Directions:
Records follow. Select each line holding "open".

Data under study:
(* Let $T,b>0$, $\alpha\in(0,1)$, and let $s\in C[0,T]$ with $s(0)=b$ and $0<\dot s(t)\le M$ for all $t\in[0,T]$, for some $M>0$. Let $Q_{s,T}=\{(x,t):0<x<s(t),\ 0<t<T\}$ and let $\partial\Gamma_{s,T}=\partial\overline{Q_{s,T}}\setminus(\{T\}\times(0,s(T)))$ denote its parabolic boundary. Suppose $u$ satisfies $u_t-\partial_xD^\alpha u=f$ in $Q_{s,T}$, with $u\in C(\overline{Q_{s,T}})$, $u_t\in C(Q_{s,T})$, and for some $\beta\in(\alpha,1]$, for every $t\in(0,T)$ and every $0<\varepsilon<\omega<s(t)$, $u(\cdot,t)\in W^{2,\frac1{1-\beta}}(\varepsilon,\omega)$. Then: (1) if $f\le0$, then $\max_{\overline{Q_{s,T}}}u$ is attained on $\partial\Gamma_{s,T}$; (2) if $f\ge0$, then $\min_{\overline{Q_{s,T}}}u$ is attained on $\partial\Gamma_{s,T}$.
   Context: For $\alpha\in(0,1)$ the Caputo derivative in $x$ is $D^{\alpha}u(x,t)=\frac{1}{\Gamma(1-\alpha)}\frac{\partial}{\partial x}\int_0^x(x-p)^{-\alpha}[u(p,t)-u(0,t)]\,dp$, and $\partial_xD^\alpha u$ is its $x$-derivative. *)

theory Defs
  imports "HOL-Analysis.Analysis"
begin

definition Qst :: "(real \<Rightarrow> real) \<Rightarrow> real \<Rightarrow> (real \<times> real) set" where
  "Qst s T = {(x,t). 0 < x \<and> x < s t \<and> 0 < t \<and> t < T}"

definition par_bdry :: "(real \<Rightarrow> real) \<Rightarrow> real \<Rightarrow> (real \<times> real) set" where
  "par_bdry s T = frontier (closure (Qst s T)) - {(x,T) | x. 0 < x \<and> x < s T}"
==
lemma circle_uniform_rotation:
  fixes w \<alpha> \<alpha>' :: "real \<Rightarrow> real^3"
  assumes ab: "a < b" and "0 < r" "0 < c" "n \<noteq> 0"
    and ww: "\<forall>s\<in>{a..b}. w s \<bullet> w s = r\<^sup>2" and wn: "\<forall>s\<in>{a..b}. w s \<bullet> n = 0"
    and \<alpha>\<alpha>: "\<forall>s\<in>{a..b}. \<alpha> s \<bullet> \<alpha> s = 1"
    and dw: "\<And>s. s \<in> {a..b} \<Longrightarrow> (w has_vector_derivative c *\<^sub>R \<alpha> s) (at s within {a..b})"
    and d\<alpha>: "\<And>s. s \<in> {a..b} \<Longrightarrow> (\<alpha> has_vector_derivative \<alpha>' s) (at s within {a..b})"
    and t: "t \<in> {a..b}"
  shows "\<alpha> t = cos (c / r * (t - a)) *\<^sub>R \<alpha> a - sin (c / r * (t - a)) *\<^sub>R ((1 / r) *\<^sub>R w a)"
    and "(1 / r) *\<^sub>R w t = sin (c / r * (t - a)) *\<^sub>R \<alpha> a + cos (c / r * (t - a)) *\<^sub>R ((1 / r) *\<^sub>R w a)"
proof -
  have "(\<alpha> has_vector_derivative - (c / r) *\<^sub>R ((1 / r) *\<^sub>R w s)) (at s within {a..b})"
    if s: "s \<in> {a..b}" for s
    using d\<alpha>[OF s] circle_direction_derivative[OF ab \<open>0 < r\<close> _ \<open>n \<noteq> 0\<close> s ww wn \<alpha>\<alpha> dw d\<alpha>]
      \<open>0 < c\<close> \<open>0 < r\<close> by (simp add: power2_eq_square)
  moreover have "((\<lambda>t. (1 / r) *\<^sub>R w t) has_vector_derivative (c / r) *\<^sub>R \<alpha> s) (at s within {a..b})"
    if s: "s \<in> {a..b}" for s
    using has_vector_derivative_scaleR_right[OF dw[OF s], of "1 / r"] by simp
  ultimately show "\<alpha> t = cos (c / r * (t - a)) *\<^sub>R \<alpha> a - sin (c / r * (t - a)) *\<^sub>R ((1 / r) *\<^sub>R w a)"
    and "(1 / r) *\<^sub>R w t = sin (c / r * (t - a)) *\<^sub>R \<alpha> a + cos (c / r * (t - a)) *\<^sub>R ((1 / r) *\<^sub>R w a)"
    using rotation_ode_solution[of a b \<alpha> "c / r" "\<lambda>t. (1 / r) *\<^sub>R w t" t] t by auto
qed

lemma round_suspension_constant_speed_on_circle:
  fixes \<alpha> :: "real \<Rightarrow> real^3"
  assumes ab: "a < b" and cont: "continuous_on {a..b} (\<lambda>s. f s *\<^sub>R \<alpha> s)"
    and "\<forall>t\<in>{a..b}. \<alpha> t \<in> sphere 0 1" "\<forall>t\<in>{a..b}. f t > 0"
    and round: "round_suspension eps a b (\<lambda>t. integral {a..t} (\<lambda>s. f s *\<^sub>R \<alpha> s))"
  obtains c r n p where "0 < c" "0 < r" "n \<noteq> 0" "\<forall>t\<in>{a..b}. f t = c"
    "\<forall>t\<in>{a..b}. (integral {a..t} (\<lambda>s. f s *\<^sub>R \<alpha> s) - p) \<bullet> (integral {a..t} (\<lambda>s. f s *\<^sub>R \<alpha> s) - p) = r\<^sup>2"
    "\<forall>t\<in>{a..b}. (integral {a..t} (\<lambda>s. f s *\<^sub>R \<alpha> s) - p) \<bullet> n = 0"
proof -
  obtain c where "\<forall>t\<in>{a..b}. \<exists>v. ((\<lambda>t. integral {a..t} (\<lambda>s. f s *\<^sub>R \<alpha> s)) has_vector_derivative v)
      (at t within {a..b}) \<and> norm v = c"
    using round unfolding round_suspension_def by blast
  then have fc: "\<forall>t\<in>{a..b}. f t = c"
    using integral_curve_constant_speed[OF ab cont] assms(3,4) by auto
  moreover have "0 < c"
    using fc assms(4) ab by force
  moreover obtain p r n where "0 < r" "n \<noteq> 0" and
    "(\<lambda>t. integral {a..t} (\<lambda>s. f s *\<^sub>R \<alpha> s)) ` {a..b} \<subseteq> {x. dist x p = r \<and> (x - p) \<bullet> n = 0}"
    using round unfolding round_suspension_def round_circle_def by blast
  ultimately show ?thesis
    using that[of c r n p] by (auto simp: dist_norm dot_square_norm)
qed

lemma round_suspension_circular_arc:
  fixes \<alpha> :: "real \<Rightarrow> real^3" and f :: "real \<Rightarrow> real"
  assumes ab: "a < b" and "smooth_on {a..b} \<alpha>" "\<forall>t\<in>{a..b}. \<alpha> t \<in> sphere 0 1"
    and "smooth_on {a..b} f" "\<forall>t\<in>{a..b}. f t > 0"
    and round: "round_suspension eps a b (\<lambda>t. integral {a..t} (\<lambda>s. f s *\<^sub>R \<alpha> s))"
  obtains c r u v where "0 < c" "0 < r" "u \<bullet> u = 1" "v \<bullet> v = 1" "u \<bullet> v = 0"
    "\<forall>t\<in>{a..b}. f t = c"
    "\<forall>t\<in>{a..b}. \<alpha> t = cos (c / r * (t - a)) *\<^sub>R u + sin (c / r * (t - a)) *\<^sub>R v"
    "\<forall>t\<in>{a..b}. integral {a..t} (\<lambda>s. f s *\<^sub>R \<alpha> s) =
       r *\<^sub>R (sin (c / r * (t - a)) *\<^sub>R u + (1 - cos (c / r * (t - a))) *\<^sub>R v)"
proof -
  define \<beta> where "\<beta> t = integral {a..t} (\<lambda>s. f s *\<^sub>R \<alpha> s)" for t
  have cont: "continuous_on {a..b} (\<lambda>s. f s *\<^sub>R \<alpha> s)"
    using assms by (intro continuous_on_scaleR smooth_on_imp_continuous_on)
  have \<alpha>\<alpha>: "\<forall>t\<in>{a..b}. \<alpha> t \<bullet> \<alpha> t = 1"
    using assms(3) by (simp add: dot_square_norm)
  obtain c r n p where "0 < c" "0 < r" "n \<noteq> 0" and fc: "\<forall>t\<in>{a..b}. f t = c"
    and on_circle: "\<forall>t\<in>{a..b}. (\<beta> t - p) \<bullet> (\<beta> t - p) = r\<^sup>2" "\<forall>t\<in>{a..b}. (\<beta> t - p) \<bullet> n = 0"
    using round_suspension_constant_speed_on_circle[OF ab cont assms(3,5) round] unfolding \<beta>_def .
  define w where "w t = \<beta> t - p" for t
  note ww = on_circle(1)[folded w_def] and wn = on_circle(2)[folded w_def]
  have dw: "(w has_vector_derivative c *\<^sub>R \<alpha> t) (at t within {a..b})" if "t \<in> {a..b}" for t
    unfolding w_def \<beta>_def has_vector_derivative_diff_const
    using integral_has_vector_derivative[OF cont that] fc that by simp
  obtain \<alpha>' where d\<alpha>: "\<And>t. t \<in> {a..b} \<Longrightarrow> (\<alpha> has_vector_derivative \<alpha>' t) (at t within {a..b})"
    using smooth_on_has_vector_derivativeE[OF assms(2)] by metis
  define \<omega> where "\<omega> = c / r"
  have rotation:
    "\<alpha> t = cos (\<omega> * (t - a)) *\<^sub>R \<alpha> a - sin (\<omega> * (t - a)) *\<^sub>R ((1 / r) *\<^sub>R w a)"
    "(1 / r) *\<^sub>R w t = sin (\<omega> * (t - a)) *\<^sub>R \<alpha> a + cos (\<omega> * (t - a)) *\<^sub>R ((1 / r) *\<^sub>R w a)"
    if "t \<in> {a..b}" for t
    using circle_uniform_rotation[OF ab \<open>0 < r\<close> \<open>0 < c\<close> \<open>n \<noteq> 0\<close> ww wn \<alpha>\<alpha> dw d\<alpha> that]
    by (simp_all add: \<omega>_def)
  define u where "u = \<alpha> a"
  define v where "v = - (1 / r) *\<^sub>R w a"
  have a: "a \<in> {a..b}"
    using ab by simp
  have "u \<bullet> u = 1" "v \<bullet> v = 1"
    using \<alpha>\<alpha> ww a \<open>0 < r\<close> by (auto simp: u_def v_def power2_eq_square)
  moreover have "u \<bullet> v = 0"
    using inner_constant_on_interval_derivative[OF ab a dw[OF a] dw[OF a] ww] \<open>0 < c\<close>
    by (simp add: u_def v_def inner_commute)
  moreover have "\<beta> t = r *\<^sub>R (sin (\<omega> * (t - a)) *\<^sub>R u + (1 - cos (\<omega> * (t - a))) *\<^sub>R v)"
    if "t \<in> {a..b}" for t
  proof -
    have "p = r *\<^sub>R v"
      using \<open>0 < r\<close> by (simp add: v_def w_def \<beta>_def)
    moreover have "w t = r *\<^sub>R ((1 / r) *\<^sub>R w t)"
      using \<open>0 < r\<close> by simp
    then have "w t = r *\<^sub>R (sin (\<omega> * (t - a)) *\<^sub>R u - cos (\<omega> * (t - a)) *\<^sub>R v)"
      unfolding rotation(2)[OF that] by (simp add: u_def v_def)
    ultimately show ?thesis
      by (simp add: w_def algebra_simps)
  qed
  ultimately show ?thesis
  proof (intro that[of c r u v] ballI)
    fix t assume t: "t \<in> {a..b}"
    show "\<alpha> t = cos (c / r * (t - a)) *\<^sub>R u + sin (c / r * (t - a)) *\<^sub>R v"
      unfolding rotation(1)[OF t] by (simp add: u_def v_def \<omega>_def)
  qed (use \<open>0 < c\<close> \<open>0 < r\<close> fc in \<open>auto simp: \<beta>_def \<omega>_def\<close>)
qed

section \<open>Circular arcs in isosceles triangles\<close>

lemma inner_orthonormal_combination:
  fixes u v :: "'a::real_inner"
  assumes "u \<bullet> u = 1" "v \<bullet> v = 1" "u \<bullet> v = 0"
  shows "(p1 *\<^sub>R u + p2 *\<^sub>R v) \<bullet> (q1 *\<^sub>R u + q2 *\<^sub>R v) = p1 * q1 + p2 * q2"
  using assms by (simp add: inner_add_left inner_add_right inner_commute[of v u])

Solution to this exercise:
    using d\<alpha>[OF s] circle_direction_derivative[OF ab \<open>0 < r\<close> _ \<open>n \<noteq> 0\<close> s ww wn \<alpha>\<alpha> dw d\<alpha>]
      \<open>0 < c\<close> \<open>0 < r\<close> by (simp add: power2_eq_square)
    using circle_uniform_rotation[OF ab \<open>0 < r\<close> \<open>0 < c\<close> \<open>n \<noteq> 0\<close> ww wn \<alpha>\<alpha> dw d\<alpha> that]
    using \<alpha>\<alpha> ww a \<open>0 < r\<close> by (auto simp: u_def v_def power2_eq_square)
    using inner_constant_on_interval_derivative[OF ab a dw[OF a] dw[OF a] ww] \<open>0 < c\<close>
      using \<open>0 < r\<close> by (simp add: v_def w_def \<beta>_def)
      using \<open>0 < r\<close> by simp
  qed (use \<open>0 < c\<close> \<open>0 < r\<close> fc in \<open>auto simp: \<beta>_def \<omega>_def\<close>)
section \<open>Circular arcs in isosceles triangles\<close>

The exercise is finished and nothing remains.